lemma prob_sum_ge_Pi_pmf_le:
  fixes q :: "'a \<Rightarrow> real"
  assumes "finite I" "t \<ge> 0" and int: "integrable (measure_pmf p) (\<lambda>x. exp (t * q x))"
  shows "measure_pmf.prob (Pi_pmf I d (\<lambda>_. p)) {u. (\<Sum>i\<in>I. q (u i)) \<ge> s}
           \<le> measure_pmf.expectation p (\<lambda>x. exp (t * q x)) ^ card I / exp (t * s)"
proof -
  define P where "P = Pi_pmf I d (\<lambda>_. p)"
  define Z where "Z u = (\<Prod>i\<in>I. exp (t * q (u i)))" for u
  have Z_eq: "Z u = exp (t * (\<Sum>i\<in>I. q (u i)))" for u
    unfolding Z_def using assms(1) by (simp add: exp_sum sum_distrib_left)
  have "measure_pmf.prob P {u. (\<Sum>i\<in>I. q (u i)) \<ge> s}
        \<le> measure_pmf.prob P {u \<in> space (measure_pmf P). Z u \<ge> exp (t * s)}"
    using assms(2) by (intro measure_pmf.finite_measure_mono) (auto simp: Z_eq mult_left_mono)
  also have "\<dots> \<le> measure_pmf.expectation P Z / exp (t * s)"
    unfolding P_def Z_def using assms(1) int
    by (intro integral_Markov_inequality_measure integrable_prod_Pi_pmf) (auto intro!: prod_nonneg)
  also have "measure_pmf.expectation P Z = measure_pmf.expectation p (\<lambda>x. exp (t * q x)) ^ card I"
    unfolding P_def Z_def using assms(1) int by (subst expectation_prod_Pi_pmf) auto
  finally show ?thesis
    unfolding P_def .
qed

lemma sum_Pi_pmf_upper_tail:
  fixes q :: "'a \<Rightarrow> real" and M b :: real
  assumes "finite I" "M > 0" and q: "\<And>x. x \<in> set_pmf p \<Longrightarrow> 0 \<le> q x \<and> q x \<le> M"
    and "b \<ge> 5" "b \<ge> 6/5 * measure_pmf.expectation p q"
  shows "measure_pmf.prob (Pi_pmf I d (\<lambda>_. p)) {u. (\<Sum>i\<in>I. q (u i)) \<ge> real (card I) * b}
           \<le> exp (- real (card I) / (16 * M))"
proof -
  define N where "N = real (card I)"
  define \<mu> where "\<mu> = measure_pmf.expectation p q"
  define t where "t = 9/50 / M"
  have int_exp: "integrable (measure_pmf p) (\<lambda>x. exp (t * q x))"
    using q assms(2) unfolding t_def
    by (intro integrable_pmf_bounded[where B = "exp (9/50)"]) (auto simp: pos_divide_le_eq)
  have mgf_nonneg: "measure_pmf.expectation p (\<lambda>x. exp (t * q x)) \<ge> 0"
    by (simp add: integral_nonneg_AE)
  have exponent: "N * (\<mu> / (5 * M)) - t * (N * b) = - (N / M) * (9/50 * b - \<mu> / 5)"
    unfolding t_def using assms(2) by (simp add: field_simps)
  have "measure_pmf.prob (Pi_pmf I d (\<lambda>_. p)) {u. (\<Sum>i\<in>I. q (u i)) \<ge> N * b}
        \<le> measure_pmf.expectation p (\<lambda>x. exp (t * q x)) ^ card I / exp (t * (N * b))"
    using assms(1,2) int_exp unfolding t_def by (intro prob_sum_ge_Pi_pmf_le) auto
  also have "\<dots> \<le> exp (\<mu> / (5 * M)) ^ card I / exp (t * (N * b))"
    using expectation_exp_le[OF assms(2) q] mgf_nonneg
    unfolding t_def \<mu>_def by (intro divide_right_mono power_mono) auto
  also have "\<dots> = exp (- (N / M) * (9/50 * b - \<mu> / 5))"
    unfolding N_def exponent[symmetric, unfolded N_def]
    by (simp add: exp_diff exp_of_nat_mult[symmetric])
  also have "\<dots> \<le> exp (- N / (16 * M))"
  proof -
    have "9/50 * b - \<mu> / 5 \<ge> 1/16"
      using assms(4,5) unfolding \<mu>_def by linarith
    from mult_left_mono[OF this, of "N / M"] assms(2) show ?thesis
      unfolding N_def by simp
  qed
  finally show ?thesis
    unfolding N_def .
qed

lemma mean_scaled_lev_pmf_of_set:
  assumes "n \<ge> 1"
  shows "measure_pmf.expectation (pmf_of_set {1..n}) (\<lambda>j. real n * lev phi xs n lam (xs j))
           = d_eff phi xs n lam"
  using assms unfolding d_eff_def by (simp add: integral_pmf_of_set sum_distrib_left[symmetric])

---+---

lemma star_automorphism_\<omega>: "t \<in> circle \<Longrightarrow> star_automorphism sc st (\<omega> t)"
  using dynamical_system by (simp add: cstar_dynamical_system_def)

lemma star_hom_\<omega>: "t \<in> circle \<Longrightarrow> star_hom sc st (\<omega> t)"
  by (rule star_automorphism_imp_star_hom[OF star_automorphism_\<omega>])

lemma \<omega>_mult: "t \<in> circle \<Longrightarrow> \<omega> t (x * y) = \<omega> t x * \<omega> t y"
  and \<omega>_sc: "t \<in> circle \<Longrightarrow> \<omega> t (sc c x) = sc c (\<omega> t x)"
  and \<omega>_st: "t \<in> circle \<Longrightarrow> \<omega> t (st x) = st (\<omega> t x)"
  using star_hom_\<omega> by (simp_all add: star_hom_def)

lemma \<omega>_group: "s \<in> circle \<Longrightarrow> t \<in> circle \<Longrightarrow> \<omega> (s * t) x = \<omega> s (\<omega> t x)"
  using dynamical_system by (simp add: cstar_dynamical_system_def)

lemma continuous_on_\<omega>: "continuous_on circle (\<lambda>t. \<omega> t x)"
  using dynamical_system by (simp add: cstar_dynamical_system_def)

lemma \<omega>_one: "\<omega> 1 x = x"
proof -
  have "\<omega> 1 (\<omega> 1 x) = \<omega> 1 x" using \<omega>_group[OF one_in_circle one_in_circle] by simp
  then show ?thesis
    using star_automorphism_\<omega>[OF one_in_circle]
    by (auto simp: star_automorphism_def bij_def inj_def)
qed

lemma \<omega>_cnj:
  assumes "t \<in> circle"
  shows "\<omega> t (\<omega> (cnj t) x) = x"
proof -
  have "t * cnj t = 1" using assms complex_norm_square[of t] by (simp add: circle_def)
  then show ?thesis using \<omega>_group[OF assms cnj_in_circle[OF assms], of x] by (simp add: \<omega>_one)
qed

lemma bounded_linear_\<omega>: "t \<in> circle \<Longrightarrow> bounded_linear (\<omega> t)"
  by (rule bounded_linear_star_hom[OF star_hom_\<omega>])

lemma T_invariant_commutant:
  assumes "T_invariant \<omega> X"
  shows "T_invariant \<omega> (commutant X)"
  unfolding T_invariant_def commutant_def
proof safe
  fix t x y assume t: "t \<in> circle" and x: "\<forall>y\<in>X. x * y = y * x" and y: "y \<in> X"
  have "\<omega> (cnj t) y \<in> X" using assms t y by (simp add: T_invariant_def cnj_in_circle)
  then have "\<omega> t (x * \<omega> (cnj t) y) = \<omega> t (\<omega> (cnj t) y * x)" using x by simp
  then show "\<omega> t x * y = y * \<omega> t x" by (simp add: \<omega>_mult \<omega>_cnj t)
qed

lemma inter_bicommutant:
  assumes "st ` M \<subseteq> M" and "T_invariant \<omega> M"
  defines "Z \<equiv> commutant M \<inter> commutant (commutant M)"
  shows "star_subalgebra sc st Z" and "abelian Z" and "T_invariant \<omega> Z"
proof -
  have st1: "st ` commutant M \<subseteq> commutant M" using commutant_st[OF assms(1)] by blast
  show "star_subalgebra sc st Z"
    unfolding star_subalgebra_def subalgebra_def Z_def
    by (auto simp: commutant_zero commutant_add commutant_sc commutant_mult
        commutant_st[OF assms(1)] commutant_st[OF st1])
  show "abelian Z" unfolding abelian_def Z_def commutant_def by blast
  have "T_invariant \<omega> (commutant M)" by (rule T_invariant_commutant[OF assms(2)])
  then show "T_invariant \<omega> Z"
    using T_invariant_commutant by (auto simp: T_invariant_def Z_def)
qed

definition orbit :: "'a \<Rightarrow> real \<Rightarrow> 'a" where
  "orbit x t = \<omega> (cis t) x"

---+---

• **What to produce**
Give the tally of lines in the listing above that contain the string "symmetric", with nothing besides it.

• **Output**
3